Problem: Start with the first line of the records below. Output each line exactly, ending with the one that contains "n \<and> set".

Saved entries
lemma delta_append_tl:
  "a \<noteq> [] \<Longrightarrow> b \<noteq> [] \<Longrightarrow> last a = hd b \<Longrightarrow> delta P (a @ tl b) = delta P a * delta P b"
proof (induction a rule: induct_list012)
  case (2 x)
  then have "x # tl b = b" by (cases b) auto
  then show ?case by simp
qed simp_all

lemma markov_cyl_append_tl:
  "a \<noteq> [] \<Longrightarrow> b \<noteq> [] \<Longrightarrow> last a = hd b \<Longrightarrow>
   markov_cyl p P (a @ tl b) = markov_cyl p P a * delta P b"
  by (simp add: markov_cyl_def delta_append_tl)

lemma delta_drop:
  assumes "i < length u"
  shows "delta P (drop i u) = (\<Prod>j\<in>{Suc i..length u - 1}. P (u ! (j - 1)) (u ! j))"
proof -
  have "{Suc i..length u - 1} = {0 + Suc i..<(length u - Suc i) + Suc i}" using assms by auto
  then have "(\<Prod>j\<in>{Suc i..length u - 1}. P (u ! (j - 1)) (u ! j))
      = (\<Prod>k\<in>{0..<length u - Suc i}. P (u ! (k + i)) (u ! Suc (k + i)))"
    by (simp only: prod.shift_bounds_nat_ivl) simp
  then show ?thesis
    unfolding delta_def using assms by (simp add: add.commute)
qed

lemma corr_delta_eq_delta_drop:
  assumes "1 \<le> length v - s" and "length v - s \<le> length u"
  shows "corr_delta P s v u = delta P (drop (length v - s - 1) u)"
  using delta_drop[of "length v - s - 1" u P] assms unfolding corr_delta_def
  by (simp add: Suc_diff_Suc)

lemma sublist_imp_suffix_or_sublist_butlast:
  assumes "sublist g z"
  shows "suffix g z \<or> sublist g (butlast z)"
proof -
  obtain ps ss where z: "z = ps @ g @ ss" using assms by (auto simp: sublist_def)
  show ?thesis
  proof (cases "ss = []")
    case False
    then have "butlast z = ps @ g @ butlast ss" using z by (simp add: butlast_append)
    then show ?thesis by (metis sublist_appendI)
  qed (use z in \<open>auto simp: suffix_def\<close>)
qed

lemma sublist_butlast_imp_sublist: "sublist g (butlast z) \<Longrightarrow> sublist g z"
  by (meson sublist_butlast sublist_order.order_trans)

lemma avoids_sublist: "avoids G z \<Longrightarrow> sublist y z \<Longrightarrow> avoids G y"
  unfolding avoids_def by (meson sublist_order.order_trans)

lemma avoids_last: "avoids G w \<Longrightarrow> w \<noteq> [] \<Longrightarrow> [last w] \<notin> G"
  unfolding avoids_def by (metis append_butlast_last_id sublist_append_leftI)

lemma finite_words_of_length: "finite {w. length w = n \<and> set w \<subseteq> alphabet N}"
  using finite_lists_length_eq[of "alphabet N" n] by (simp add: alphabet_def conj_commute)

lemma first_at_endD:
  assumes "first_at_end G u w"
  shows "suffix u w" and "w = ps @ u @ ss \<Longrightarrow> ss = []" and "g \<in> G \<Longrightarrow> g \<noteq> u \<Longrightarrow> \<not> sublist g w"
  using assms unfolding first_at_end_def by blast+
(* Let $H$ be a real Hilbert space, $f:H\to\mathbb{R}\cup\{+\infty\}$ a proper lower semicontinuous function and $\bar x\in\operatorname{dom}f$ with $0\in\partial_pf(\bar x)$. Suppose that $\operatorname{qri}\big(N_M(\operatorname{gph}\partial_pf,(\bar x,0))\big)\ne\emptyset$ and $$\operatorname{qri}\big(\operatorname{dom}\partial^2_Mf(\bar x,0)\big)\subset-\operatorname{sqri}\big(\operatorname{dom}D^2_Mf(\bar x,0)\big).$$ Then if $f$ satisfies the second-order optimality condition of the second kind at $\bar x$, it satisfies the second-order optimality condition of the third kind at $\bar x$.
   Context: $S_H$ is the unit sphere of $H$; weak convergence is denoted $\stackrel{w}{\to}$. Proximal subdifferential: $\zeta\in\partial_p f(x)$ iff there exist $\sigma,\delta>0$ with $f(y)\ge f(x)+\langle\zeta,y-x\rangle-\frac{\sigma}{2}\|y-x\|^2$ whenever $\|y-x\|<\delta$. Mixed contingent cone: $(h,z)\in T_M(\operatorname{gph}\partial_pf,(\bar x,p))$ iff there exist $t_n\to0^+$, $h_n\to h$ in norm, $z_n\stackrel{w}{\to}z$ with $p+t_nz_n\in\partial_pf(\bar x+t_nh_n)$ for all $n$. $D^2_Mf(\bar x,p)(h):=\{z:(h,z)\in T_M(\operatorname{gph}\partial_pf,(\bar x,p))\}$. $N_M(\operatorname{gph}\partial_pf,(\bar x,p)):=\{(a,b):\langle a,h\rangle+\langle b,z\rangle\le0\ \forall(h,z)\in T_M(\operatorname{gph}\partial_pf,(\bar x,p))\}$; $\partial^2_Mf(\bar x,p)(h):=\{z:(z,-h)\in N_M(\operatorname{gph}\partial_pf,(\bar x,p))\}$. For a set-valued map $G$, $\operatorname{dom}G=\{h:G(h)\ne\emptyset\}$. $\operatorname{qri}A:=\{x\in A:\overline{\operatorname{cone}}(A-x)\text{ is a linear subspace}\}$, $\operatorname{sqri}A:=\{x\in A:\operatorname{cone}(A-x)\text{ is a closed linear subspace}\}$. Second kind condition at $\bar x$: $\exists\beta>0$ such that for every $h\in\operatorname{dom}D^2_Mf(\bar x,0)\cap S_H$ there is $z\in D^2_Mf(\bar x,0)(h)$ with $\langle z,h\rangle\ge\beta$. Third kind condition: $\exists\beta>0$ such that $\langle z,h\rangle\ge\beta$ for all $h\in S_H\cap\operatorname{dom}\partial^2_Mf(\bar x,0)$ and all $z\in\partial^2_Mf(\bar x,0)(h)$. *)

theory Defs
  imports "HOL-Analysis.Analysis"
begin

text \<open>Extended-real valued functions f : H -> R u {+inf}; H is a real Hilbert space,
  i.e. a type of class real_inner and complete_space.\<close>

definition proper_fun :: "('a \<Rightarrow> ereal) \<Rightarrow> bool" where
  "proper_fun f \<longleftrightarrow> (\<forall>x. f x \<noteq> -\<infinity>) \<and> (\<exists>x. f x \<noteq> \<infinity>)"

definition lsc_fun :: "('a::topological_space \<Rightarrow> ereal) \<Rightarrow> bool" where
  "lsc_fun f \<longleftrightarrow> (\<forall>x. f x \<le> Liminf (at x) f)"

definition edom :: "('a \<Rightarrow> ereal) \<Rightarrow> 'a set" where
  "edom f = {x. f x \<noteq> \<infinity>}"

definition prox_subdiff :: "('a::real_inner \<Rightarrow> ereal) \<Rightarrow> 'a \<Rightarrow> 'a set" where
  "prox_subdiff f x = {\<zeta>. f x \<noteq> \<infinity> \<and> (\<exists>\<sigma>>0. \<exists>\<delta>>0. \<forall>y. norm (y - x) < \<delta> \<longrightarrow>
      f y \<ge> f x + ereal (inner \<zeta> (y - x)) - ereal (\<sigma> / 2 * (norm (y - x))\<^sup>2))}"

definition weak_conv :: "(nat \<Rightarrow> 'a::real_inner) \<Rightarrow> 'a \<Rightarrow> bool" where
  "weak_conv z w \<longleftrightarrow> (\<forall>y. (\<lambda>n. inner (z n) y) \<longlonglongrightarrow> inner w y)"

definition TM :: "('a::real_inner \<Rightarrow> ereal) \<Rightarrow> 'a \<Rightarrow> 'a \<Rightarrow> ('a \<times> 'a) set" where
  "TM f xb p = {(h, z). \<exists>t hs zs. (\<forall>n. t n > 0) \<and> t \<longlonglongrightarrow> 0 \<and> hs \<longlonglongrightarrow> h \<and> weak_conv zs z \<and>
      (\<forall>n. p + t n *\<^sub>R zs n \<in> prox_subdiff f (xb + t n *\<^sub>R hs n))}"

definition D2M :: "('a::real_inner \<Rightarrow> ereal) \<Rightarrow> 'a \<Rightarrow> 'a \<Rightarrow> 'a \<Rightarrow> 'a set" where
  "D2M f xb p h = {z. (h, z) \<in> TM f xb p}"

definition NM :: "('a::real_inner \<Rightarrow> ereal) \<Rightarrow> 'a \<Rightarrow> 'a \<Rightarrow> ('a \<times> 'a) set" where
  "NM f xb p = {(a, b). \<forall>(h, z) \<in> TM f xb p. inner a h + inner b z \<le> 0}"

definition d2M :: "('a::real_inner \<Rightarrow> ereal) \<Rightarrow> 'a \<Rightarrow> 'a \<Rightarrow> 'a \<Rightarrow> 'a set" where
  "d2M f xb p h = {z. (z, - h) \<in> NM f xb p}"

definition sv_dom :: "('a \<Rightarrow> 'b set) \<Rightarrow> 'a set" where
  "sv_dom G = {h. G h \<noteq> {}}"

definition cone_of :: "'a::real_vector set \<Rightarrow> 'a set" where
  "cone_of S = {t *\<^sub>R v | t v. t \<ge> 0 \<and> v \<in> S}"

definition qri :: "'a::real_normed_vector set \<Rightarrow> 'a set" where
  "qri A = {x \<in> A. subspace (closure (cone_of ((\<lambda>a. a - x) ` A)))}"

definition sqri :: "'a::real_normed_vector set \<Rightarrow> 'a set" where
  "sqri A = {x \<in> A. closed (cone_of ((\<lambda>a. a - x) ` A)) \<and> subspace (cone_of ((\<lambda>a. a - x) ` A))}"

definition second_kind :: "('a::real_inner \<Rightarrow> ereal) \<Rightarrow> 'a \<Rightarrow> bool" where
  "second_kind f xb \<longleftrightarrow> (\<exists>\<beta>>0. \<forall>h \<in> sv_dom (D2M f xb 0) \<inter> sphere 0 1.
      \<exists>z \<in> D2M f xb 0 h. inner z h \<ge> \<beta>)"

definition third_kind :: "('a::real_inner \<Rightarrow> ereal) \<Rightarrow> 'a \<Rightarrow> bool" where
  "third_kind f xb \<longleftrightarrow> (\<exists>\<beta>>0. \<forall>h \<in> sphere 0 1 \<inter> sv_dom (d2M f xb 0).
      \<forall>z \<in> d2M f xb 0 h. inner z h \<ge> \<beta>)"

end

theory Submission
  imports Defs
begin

Result:
lemma delta_append_tl:
  "a \<noteq> [] \<Longrightarrow> b \<noteq> [] \<Longrightarrow> last a = hd b \<Longrightarrow> delta P (a @ tl b) = delta P a * delta P b"
proof (induction a rule: induct_list012)
  case (2 x)
  then have "x # tl b = b" by (cases b) auto
  then show ?case by simp
qed simp_all

lemma markov_cyl_append_tl:
  "a \<noteq> [] \<Longrightarrow> b \<noteq> [] \<Longrightarrow> last a = hd b \<Longrightarrow>
   markov_cyl p P (a @ tl b) = markov_cyl p P a * delta P b"
  by (simp add: markov_cyl_def delta_append_tl)

lemma delta_drop:
  assumes "i < length u"
  shows "delta P (drop i u) = (\<Prod>j\<in>{Suc i..length u - 1}. P (u ! (j - 1)) (u ! j))"
proof -
  have "{Suc i..length u - 1} = {0 + Suc i..<(length u - Suc i) + Suc i}" using assms by auto
  then have "(\<Prod>j\<in>{Suc i..length u - 1}. P (u ! (j - 1)) (u ! j))
      = (\<Prod>k\<in>{0..<length u - Suc i}. P (u ! (k + i)) (u ! Suc (k + i)))"
    by (simp only: prod.shift_bounds_nat_ivl) simp
  then show ?thesis
    unfolding delta_def using assms by (simp add: add.commute)
qed

lemma corr_delta_eq_delta_drop:
  assumes "1 \<le> length v - s" and "length v - s \<le> length u"
  shows "corr_delta P s v u = delta P (drop (length v - s - 1) u)"
  using delta_drop[of "length v - s - 1" u P] assms unfolding corr_delta_def
  by (simp add: Suc_diff_Suc)

lemma sublist_imp_suffix_or_sublist_butlast:
  assumes "sublist g z"
  shows "suffix g z \<or> sublist g (butlast z)"
proof -
  obtain ps ss where z: "z = ps @ g @ ss" using assms by (auto simp: sublist_def)
  show ?thesis
  proof (cases "ss = []")
    case False
    then have "butlast z = ps @ g @ butlast ss" using z by (simp add: butlast_append)
    then show ?thesis by (metis sublist_appendI)
  qed (use z in \<open>auto simp: suffix_def\<close>)
qed

lemma sublist_butlast_imp_sublist: "sublist g (butlast z) \<Longrightarrow> sublist g z"
  by (meson sublist_butlast sublist_order.order_trans)

lemma avoids_sublist: "avoids G z \<Longrightarrow> sublist y z \<Longrightarrow> avoids G y"
  unfolding avoids_def by (meson sublist_order.order_trans)

lemma avoids_last: "avoids G w \<Longrightarrow> w \<noteq> [] \<Longrightarrow> [last w] \<notin> G"
  unfolding avoids_def by (metis append_butlast_last_id sublist_append_leftI)

lemma finite_words_of_length: "finite {w. length w = n \<and> set w \<subseteq> alphabet N}"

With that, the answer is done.